**What the task asks**
Please copy each line of the records below that includes the word "proof".

::::::::

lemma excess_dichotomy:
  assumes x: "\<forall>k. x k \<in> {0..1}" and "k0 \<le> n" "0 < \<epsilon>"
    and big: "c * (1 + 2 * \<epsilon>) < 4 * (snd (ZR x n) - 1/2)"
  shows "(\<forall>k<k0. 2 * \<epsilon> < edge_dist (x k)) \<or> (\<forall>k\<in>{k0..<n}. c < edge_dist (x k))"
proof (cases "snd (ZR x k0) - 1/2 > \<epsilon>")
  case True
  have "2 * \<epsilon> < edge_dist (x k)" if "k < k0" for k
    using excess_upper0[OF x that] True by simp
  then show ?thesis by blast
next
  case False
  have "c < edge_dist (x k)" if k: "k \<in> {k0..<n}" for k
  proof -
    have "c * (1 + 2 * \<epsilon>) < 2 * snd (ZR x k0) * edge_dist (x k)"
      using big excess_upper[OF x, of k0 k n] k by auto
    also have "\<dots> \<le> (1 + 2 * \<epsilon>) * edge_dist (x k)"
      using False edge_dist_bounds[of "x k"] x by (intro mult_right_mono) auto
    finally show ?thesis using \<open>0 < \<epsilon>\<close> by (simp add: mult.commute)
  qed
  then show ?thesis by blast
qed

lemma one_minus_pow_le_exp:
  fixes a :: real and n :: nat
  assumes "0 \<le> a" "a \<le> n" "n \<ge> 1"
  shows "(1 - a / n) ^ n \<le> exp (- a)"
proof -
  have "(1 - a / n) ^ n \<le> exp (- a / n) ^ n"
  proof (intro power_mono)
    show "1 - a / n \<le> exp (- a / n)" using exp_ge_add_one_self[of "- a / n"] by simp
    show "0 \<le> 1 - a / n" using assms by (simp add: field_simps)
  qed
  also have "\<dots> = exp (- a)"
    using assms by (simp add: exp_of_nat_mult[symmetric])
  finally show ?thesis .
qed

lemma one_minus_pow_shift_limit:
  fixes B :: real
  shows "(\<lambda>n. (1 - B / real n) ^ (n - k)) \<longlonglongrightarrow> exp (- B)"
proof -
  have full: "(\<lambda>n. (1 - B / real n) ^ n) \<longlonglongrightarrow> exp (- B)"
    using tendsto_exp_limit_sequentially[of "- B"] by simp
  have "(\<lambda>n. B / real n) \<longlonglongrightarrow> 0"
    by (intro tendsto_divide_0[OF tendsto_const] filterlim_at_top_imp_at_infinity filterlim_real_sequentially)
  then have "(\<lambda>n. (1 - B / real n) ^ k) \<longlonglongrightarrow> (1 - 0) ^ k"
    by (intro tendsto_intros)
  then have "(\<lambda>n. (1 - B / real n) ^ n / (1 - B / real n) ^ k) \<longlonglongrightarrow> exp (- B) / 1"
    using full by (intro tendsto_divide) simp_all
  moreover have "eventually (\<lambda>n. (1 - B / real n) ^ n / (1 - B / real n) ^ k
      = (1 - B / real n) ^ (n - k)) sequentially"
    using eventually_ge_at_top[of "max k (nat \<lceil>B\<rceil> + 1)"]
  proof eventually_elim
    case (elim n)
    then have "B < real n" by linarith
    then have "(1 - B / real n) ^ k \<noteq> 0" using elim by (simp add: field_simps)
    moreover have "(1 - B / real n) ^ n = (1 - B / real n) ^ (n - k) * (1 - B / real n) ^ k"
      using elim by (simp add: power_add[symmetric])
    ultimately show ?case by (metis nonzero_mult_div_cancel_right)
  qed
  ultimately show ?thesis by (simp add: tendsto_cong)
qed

::::::::

**Finished task**
proof (cases "snd (ZR x k0) - 1/2 > \<epsilon>")
  proof -
proof -
  proof (intro power_mono)
proof -
  proof eventually_elim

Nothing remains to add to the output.